- Directed by: William Cheung Ki
- Written by: Chan Wa Cheung San Yee
- Produced by: Chang Yan Tao See Lai Woo
- Starring: John Liu Don Wong Tao Eagle Han-ying
- Cinematography: William Cheung Ki
- Distributed by: Kee Woo Films
- Release date: 1979;
- Running time: 82 minutes
- Country: Hong Kong
- Language: Cantonese

= Death Duel of Kung Fu =

1979 Hong Kong film by William Cheung Ki

Death Duel of Kung Fu is 1979 Hong Kong martial art movie, directed by William Cheung Ki and starring John Liu, Don Wong Tao and Eagle Han-ying. It is also known as Showdown of the Master Warriors and Return of the Secret Rivals as an alternate title. With in say, the movie has no relationship with the Secret Rivals trilogy but most of the filming locations took places in South Korea although the story is set in China, which makes the result that it makes a similar storyline as Secret Rivals. It is also Eagle Han-ying`s first Hong Kong movie debut.

==Plot==
It opens with the top fighter and general Sun Chin Qwei (Don Wong) kills marshall Tao and heads to the Taiwan to join the army however it is later pursued by the lord To Ko Lam (Eagle Han). Qwei escapes and along the way he fell in love with the Japanese girl Keigi who is actually a descent of To Ko Lam but later fall in love with Qwei. Meanwhile, northern kick boxing champion Sun Hsun (John Liu) is giving an Sun Chin Qwei a hard time but later they join forces together to defeat To Ko Lam.

==Casts==
- John Liu as Sun Hsun
- Don Wong Tao as Sun Chin Qwei
- Eagle Han as To Ko Lam
- Kim Chung Ja as Keigi
- Wu Jia Xiang as Marshall Tao (cameo)
- Chan Yiu Lam as Ka Yee Kee
- Peter Chan as Marshall Tao`s assistant (cameo)
- Chung Fat as To Ko Lam`s sword fighter
- King Lee Chung as To Ko Lam`s swords fighter
- Cheung Tin Ho (extra)
- Gam Hing Ji (extra)
- Chin Yuet Sang (stunts)
- Lam Hak Ming (extra)
- Mang Hoi (extra, stunts)

==Reception==
The movie got positive receptions. IMDb gave 6.4/10 and Amazon.com gave 4.1/5.

==Production and impact==
The movie was filmed in South Korea. Some of the locations took from the same location from the Secret Rivals. Once again Don Wong and John Liu teamed up together, except this time the villain was replaced to Eagle Han-ying instead of Hwang Jang Lee. Rumors have heard Hwang Jang Lee was supposed to return to Don Wong and John Liu however being that Hwang Jang Lee was already working on in Hong Kong for the movies such as Dance of the Drunken Mantis and Hell`s Windstaff for 1979. This results to give a leading villain role for Eagle Han who numerously worked for the low budget movies (such as Bruce Le`s Return of the Red Tiger.) in South Korea.

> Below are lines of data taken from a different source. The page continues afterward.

(* Let $n\ge 2$, let $K\subset\mathbb{R}^n$ be a convex body of constant width $\Theta$, and let $\gamma\subset\mathbb{R}^n$ be any curve such that $K\subset\operatorname{co}(\gamma)$. Then $$ \operatorname{length}(\gamma)\ge 2(\pi-1)\sqrt{\frac{n-1}{2\pi}}\cdot\Theta . $$
   Context: $\mathbb{R}^n$ carries the standard Euclidean metric $d$. A convex body is any nonempty compact convex subset of $\mathbb{R}^n$. $\operatorname{co}(A)$ denotes the convex hull of $A$. The support function of $K$ is $h(K,u)=\sup\{(x,u):x\in K\}$ and the width function is $w(K,u)=h(K,u)+h(K,-u)$ for $u$ in the unit sphere $S^{n-1}$; $K$ has constant width $\Theta$ if $w(K,u)=\Theta$ for all $u\in S^{n-1}$. A curve is the image of a continuous map $\varphi:[a,b]\to\mathbb{R}^n$; its length is $\operatorname{length}(\gamma)=\sup\sum_{i=1}^m d(\varphi(t_{i-1}),\varphi(t_i))$ over all partitions $a=t_0<\dots<t_m=b$ (possibly $+\infty$). *)

theory Defs
  imports "HOL-Analysis.Analysis" "HOL-Library.Extended_Real"
begin

definition convex_body :: "'a::euclidean_space set \<Rightarrow> bool" where
  "convex_body K \<longleftrightarrow> K \<noteq> {} \<and> compact K \<and> convex K"

definition support_fun :: "'a::euclidean_space set \<Rightarrow> 'a \<Rightarrow> real" where
  "support_fun K u = (SUP x\<in>K. x \<bullet> u)"

definition width_fun :: "'a::euclidean_space set \<Rightarrow> 'a \<Rightarrow> real" where
  "width_fun K u = support_fun K u + support_fun K (- u)"

definition constant_width :: "'a::euclidean_space set \<Rightarrow> real \<Rightarrow> bool" where
  "constant_width K \<Theta> \<longleftrightarrow> (\<forall>u\<in>sphere 0 1. width_fun K u = \<Theta>)"

definition partition_of :: "real \<Rightarrow> real \<Rightarrow> real list \<Rightarrow> bool" where
  "partition_of a b ts \<longleftrightarrow> ts \<noteq> [] \<and> sorted_wrt (<) ts \<and> hd ts = a \<and> last ts = b"

definition curve_length :: "(real \<Rightarrow> 'a::euclidean_space) \<Rightarrow> real \<Rightarrow> real \<Rightarrow> ereal" where
  "curve_length \<phi> a b =
     (SUP ts\<in>{ts. partition_of a b ts}.
        ereal (\<Sum>(s,t)\<leftarrow>zip ts (tl ts). dist (\<phi> s) (\<phi> t)))"

end

theory Submission
  imports Defs
begin

text \<open>Let u_1, ..., u_(n-1) be orthonormal and orthogonal to the chord from the start to the
  end point of the curve. Since K lies in the convex hull of the curve, in each direction u_i
  the projected curve takes two values at distance at least the width \<Theta>; as it starts and
  ends at the same value, its total variation is at least 2\<Theta>. Summing over i and using
  Bessel's inequality with Cauchy-Schwarz, \<Sum>_i |v \<bullet> u_i| \<le> sqrt(n-1) |v|, gives
  length \<ge> 2 sqrt(n-1) \<Theta>, which implies the stated bound since (\<pi> - 1)^2 \<le> 2\<pi>.\<close>

fun polygon_length :: "('b \<Rightarrow> 'c::metric_space) \<Rightarrow> 'b list \<Rightarrow> real" where
  "polygon_length f (x # y # xs) = dist (f x) (f y) + polygon_length f (y # xs)"
| "polygon_length f _ = 0"

lemma sum_zip_dist_eq_polygon_length:
  "(\<Sum>(s,t)\<leftarrow>zip ts (tl ts). dist (f s) (f t)) = polygon_length f ts"
  by (induction f ts rule: polygon_length.induct) auto

lemma polygon_length_nonneg: "0 \<le> polygon_length f xs"
  by (induction f xs rule: polygon_length.induct) auto

lemma polygon_length_append:
  "polygon_length f (ys @ y # zs) = polygon_length f (ys @ [y]) + polygon_length f (y # zs)"
  by (induction ys rule: induct_list012) auto

lemma dist_hd_last_le_polygon_length:
  "xs \<noteq> [] \<Longrightarrow> dist (f (hd xs)) (f (last xs)) \<le> polygon_length f xs"
proof (induction f xs rule: polygon_length.induct)
  case (1 f x y xs)
  then show ?case using dist_triangle[of "f x" "f (last (y # xs))" "f y"] by auto
qed auto

lemma dist_via_le_polygon_length:
  assumes "y \<in> set xs"
  shows "dist (f (hd xs)) (f y) + dist (f y) (f (last xs)) \<le> polygon_length f xs"
proof -
  obtain ys zs where xs: "xs = ys @ y # zs" using assms by (meson split_list)
  have "hd (ys @ [y]) = hd xs" using xs by (cases ys) auto
  then show ?thesis
    using xs polygon_length_append[of f ys y zs]
      dist_hd_last_le_polygon_length[of "ys @ [y]" f]
      dist_hd_last_le_polygon_length[of "y # zs" f] by simp
qed
lemma has_derivative_of_partials:
  fixes F :: "real \<times> real \<Rightarrow> real"
  assumes A: "\<And>s t. ((\<lambda>s. F (s, t)) has_real_derivative A (s, t)) (at s)"
    and B: "\<And>s t. ((\<lambda>t. F (s, t)) has_real_derivative B (s, t)) (at t)"
    and cont: "continuous_on UNIV B"
  shows "(F has_derivative (\<lambda>h. fst h * A z + snd h * B z)) (at z)"
proof (cases z)
  case (Pair s t)
  have "((\<lambda>(s, t). F (s, t)) has_derivative
          (\<lambda>(hs, ht). hs * A (s, t) + blinfun_mult_right (B (s, t)) ht)) (at (s, t) within UNIV \<times> UNIV)"
  proof (rule has_derivative_partialsI)
    show "((\<lambda>s. F (s, t)) has_derivative (\<lambda>hs. hs * A (s, t))) (at s within UNIV)"
      using A by (simp add: has_field_derivative_def mult_commute_abs)
    show "((\<lambda>t. F (s', t)) has_derivative blinfun_mult_right (B (s', t'))) (at t' within UNIV)" for s' t'
      using B by (simp add: has_field_derivative_def mult_commute_abs)
    have "isCont B (s, t)"
      using cont by (simp add: continuous_on_eq_continuous_at)
    then have "isCont (\<lambda>z. blinfun_mult_right (B z)) (s, t)"
      by (rule bounded_linear.continuous[OF bounded_linear_blinfun_mult_right])
    moreover have "(\<lambda>(s, t). blinfun_mult_right (B (s, t))) = (\<lambda>z. blinfun_mult_right (B z))"
      by auto
    ultimately show "continuous (at (s, t) within UNIV \<times> UNIV) (\<lambda>(s, t). blinfun_mult_right (B (s, t)))"
      by simp
  qed auto
  with Pair show ?thesis by (simp add: case_prod_eta split_def mult.commute)
qed

lemma divergence_free_has_stream_function:
  fixes g1 g2 :: "real \<times> real \<Rightarrow> real"
  assumes diff: "\<And>x. g1 differentiable (at x)" "\<And>x. g2 differentiable (at x)"
    and cont: "continuous_on UNIV (pd1 g1)"
    and div: "\<And>x. pd1 g1 x + pd2 g2 x = 0"
    and supp: "\<And>x. R \<le> norm x \<Longrightarrow> g1 x = 0 \<and> g2 x = 0"
  obtains \<psi> where "\<And>x. (\<psi> has_derivative (\<lambda>h. fst h * - g2 x + snd h * g1 x)) (at x)"
proof -
  define b where "b = - \<bar>R\<bar>"
  have vanish: "g1 (s, t) = 0 \<and> g2 (s, t) = 0" if "t \<le> b" for s t
  proof -
    have "R \<le> norm t" using that by (simp add: b_def)
    also have "\<dots> \<le> norm (s, t)" by (rule norm_snd_le)
    finally show ?thesis by (rule supp)
  qed
  define \<psi> where "\<psi> z = integral {b - 1..snd z} (\<lambda>t. g1 (fst z, t))" for z
  have "continuous_on UNIV g1"
    using diff(1) differentiable_imp_continuous_within continuous_at_imp_continuous_on by blast
  then have cont_slice: "continuous_on UNIV (\<lambda>t. g1 (s, t))" for s
    by (rule continuous_on_compose2[OF _ continuous_on_Pair[OF continuous_on_const continuous_on_id]]) auto
  have d1: "((\<lambda>s. \<psi> (s, t)) has_real_derivative - g2 (s, t)) (at s)" for s t
  proof (cases "b - 1 \<le> t")
    case True
    have "integral {b - 1..t} (\<lambda>t. pd1 g1 (s, t)) = - g2 (s, t)"
      using True vanish by (intro integral_pd1_eq_of_divergence_free[OF diff(2) div]) auto
    with has_real_derivative_integral_pd1[OF diff(1) cont, of "b - 1" t s] show ?thesis
      by (simp add: \<psi>_def)
  next
    case False
    then have "(\<lambda>s. \<psi> (s, t)) = (\<lambda>_. 0)" "g2 (s, t) = 0"
      using vanish by (auto simp: \<psi>_def)
    then show ?thesis by simp
  qed
  have d2: "((\<lambda>t. \<psi> (s, t)) has_real_derivative g1 (s, t)) (at t)" for s t
  proof -
    have "((\<lambda>t. integral {b - 1..t} (\<lambda>t. g1 (s, t))) has_real_derivative g1 (s, t)) (at t)"
      using vanish by (intro has_real_derivative_integral_upper[OF cont_slice, where b = b]) auto
    then show ?thesis by (simp add: \<psi>_def)
  qed
  show ?thesis
    using that has_derivative_of_partials[of \<psi> "\<lambda>z. - g2 z" g1, OF d1 d2 \<open>continuous_on UNIV g1\<close>]
    by blast
qed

The success of the movie will later give him more villain roles in Kim Jeong Young`s movies. Nevertheless, this was John Liu`s last Korean and Hong Kong production film and will later working on Hong Kong industry. Don Wong however will later team up with Eagle Han several times again in films such as lost film Quick Step Mantis and Wild Panther (1984).

Some of the film's stunt performers from Sammo Hung's stunt team, served as a choreographer and stunt doubles for this film, including Chung Fat, Chin Yuet Sang, and Mang Hoi whom served as a main stunt co-ordinator and stun-double for John Liu.